[[ Entries provided, beginning ]]

text \<open>Typing judgement \<open>hastype R \<Gamma> a A\<close>; the head of the list \<Gamma> is the type of Var 0.\<close>
inductive hastype :: "(trm \<Rightarrow> trm \<Rightarrow> bool) \<Rightarrow> trm list \<Rightarrow> trm \<Rightarrow> trm \<Rightarrow> bool" for R where
  axiom: "ax s1 s2 \<Longrightarrow> hastype R [] (Srt s1) (Srt s2)"
| start: "hastype R \<Gamma> A (Srt s) \<Longrightarrow> hastype R (A # \<Gamma>) (Var 0) (lift 0 1 A)"
| weak: "hastype R \<Gamma> a B \<Longrightarrow> hastype R \<Gamma> C (Srt s) \<Longrightarrow> hastype R (C # \<Gamma>) (lift 0 1 a) (lift 0 1 B)"
| prod: "hastype R \<Gamma> A (Srt s1) \<Longrightarrow> hastype R (A # \<Gamma>) B (Srt s2) \<Longrightarrow> rl s1 s2 \<Longrightarrow>
         hastype R \<Gamma> (Pi A B) (Srt s2)"
| app: "hastype R \<Gamma> f (Pi A B) \<Longrightarrow> hastype R \<Gamma> a A \<Longrightarrow> hastype R \<Gamma> (App f a) (subst B 0 a)"
| abs: "hastype R (A # \<Gamma>) b B \<Longrightarrow> hastype R \<Gamma> (Pi A B) (Srt s) \<Longrightarrow> hastype R \<Gamma> (Lam A b) (Pi A B)"
| cnv: "hastype R \<Gamma> a A \<Longrightarrow> hastype R \<Gamma> B (Srt s) \<Longrightarrow> conv R A B \<Longrightarrow> hastype R \<Gamma> a B"

definition arrow :: "trm \<Rightarrow> trm \<Rightarrow> trm" where
  "arrow A B = Pi A (lift 0 1 B)"

definition Pow :: "trm \<Rightarrow> trm" where
  "Pow X = arrow X (Srt Star)"

definition TT :: "trm \<Rightarrow> trm" where
  "TT X = Pow (Pow X)"

definition bot :: trm where
  "bot = Pi (Srt Star) (Var 0)"

end

theory Submission
  imports Defs
begin

text \<open>A Russell-style paradox. Read \<open>a : A\<close> as the family of predicates \<open>match a\<close>,
  and let \<open>b \<in> a\<close> mean that \<open>match a\<close> holds of the Leibniz singleton \<open>{b}\<close>.
  Let \<open>russell\<close> be the predicate \<open>\<lambda>x. \<not> x \<in> x\<close> and \<open>diag = intro U\<close>, where \<open>U\<close>
  is the family of all predicates contained in \<open>russell\<close>. Since \<open>match (intro U)\<close>
  converts to \<open>U\<close>, the proposition \<open>diag \<in> diag\<close> converts to \<open>{diag} \<subseteq> russell\<close>.
  Instantiating this inclusion at \<open>diag\<close> refutes \<open>diag \<in> diag\<close>; transporting that
  refutation along Leibniz equality proves \<open>{diag} \<subseteq> russell\<close>. Both proofs are
  \<open>\<lambda>HOL\<close> terms, so applying one to the other inhabits \<open>\<bottom>\<close>.\<close>

lemma lift_0 [simp]: "lift k 0 t = t"
  by (induction t arbitrary: k) auto

lemma lift_lift [simp]: "i \<le> k \<Longrightarrow> k \<le> i + m \<Longrightarrow> lift k n (lift i m t) = lift i (m + n) t"
  by (induction t arbitrary: i k) auto

lemma lift_lift_comm: "i \<le> k \<Longrightarrow> lift (Suc k) n (lift i 1 t) = lift i 1 (lift k n t)"
  by (induction t arbitrary: i k) auto

lemma subst_lift [simp]: "i \<le> k \<Longrightarrow> k < i + m \<Longrightarrow> subst (lift i m t) k s = lift i (m - 1) t"
  by (induction t arbitrary: i k) auto

lemma subst_lift_comm: "i \<le> k \<Longrightarrow> subst (lift i 1 t) (Suc k) s = lift i 1 (subst t k s)"
  by (induction t arbitrary: i k) auto

text \<open>Stated with \<open>Suc 0\<close>, the form the simplifier gives the index \<open>1\<close>,
  so that they fire as simp rules.\<close>

lemma lift_lift1_comm [simp]: "lift (Suc k) n (lift 0 (Suc 0) t) = lift 0 (Suc 0) (lift k n t)"
  using lift_lift_comm[of 0 k n t] by simp

lemma subst_lift1_comm [simp]: "subst (lift 0 (Suc 0) t) (Suc k) s = lift 0 (Suc 0) (subst t k s)"
  using subst_lift_comm[of 0 k t s] by simp

lemma lift_arrow [simp]: "lift k n (arrow X Y) = arrow (lift k n X) (lift k n Y)"
  by (simp add: arrow_def lift_lift_comm)

lemma subst_arrow [simp]: "subst (arrow X Y) k s = arrow (subst X k s) (subst Y k s)"
  by (simp add: arrow_def subst_lift_comm)

lemma lift_bot [simp]: "lift k n bot = bot"
  by (simp add: bot_def)

lemma subst_bot [simp]: "subst bot k s = bot"
  by (simp add: bot_def)

lemma lift_Pow [simp]: "lift k n (Pow X) = Pow (lift k n X)"
  by (simp add: Pow_def)

lemma subst_Pow [simp]: "subst (Pow X) k s = Pow (subst X k s)"
  by (simp add: Pow_def)

lemma lift_TT [simp]: "lift k n (TT X) = TT (lift k n X)"
  by (simp add: TT_def)

definition Neg :: "trm \<Rightarrow> trm" where
  "Neg Y = arrow Y bot"

definition Leibniz_eq :: "trm \<Rightarrow> trm \<Rightarrow> trm \<Rightarrow> trm" where
  "Leibniz_eq X b x = Pi (Pow X) (arrow (App (Var 0) (lift 0 1 b)) (App (Var 0) (lift 0 1 x)))"

definition Leibniz_refl :: "trm \<Rightarrow> trm \<Rightarrow> trm" where
  "Leibniz_refl X b = Lam (Pow X) (Lam (App (Var 0) (lift 0 1 b)) (Var 0))"

definition Sing :: "trm \<Rightarrow> trm \<Rightarrow> trm" where
  "Sing X b = Lam X (Leibniz_eq (lift 0 1 X) (lift 0 1 b) (Var 0))"

definition Incl :: "trm \<Rightarrow> trm \<Rightarrow> trm \<Rightarrow> trm" where
  "Incl X P P' = Pi X (arrow (App (lift 0 1 P) (Var 0)) (App (lift 0 1 P') (Var 0)))"

definition Mem :: "trm \<Rightarrow> trm \<Rightarrow> trm \<Rightarrow> trm \<Rightarrow> trm" where
  "Mem X M b a = App (App M a) (Sing X b)"

lemma lift_Neg [simp]: "lift k n (Neg Y) = Neg (lift k n Y)"
  by (simp add: Neg_def)

lemma subst_Neg [simp]: "subst (Neg Y) k s = Neg (subst Y k s)"
  by (simp add: Neg_def)

lemma lift_Leibniz_eq [simp]:
  "lift k n (Leibniz_eq X b x) = Leibniz_eq (lift k n X) (lift k n b) (lift k n x)"
  by (simp add: Leibniz_eq_def lift_lift_comm)

lemma subst_Leibniz_eq [simp]:
  "subst (Leibniz_eq X b x) k s = Leibniz_eq (subst X k s) (subst b k s) (subst x k s)"
  by (simp add: Leibniz_eq_def subst_lift_comm)

lemma lift_Sing [simp]: "lift k n (Sing X b) = Sing (lift k n X) (lift k n b)"
  by (simp add: Sing_def lift_lift_comm)

lemma subst_Sing [simp]: "subst (Sing X b) k s = Sing (subst X k s) (subst b k s)"
  by (simp add: Sing_def subst_lift_comm)

lemma lift_Incl [simp]: "lift k n (Incl X P P') = Incl (lift k n X) (lift k n P) (lift k n P')"
  by (simp add: Incl_def lift_lift_comm)

lemma subst_Incl [simp]: "subst (Incl X P P') k s = Incl (subst X k s) (subst P k s) (subst P' k s)"
  by (simp add: Incl_def subst_lift_comm)

lemma lift_Mem [simp]: "lift k n (Mem X M b a) = Mem (lift k n X) (lift k n M) (lift k n b) (lift k n a)"
  by (simp add: Mem_def)

lemma subst_Mem [simp]:
  "subst (Mem X M b a) k s = Mem (subst X k s) (subst M k s) (subst b k s) (subst a k s)"
  by (simp add: Mem_def)

lemma conv_sym: "conv R t u \<Longrightarrow> conv R u t"
  by (simp add: conv_def equivclp_sym)

lemma conv_trans [trans]: "conv R t u \<Longrightarrow> conv R u v \<Longrightarrow> conv R t v"
  unfolding conv_def by (meson transp_equivclp transpD)

lemma conv_step: "step R t u \<Longrightarrow> conv R t u"
  unfolding conv_def equivclp_def by (simp add: r_into_rtranclp)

[[ Entries provided, end ]]

About this exercise:
Only the lines above starting at the line that holds "Pow (lift k" and ending at the line that holds "Incl (subst X" are to be repeated, exactly and in full.

Answer box:
lemma lift_Pow [simp]: "lift k n (Pow X) = Pow (lift k n X)"
  by (simp add: Pow_def)

lemma subst_Pow [simp]: "subst (Pow X) k s = Pow (subst X k s)"
  by (simp add: Pow_def)

lemma lift_TT [simp]: "lift k n (TT X) = TT (lift k n X)"
  by (simp add: TT_def)

definition Neg :: "trm \<Rightarrow> trm" where
  "Neg Y = arrow Y bot"

definition Leibniz_eq :: "trm \<Rightarrow> trm \<Rightarrow> trm \<Rightarrow> trm" where
  "Leibniz_eq X b x = Pi (Pow X) (arrow (App (Var 0) (lift 0 1 b)) (App (Var 0) (lift 0 1 x)))"

definition Leibniz_refl :: "trm \<Rightarrow> trm \<Rightarrow> trm" where
  "Leibniz_refl X b = Lam (Pow X) (Lam (App (Var 0) (lift 0 1 b)) (Var 0))"

definition Sing :: "trm \<Rightarrow> trm \<Rightarrow> trm" where
  "Sing X b = Lam X (Leibniz_eq (lift 0 1 X) (lift 0 1 b) (Var 0))"

definition Incl :: "trm \<Rightarrow> trm \<Rightarrow> trm \<Rightarrow> trm" where
  "Incl X P P' = Pi X (arrow (App (lift 0 1 P) (Var 0)) (App (lift 0 1 P') (Var 0)))"

definition Mem :: "trm \<Rightarrow> trm \<Rightarrow> trm \<Rightarrow> trm \<Rightarrow> trm" where
  "Mem X M b a = App (App M a) (Sing X b)"

lemma lift_Neg [simp]: "lift k n (Neg Y) = Neg (lift k n Y)"
  by (simp add: Neg_def)

lemma subst_Neg [simp]: "subst (Neg Y) k s = Neg (subst Y k s)"
  by (simp add: Neg_def)

lemma lift_Leibniz_eq [simp]:
  "lift k n (Leibniz_eq X b x) = Leibniz_eq (lift k n X) (lift k n b) (lift k n x)"
  by (simp add: Leibniz_eq_def lift_lift_comm)

lemma subst_Leibniz_eq [simp]:
  "subst (Leibniz_eq X b x) k s = Leibniz_eq (subst X k s) (subst b k s) (subst x k s)"
  by (simp add: Leibniz_eq_def subst_lift_comm)

lemma lift_Sing [simp]: "lift k n (Sing X b) = Sing (lift k n X) (lift k n b)"
  by (simp add: Sing_def lift_lift_comm)

lemma subst_Sing [simp]: "subst (Sing X b) k s = Sing (subst X k s) (subst b k s)"
  by (simp add: Sing_def subst_lift_comm)

lemma lift_Incl [simp]: "lift k n (Incl X P P') = Incl (lift k n X) (lift k n P) (lift k n P')"
  by (simp add: Incl_def lift_lift_comm)

lemma subst_Incl [simp]: "subst (Incl X P P') k s = Incl (subst X k s) (subst P k s) (subst P' k s)"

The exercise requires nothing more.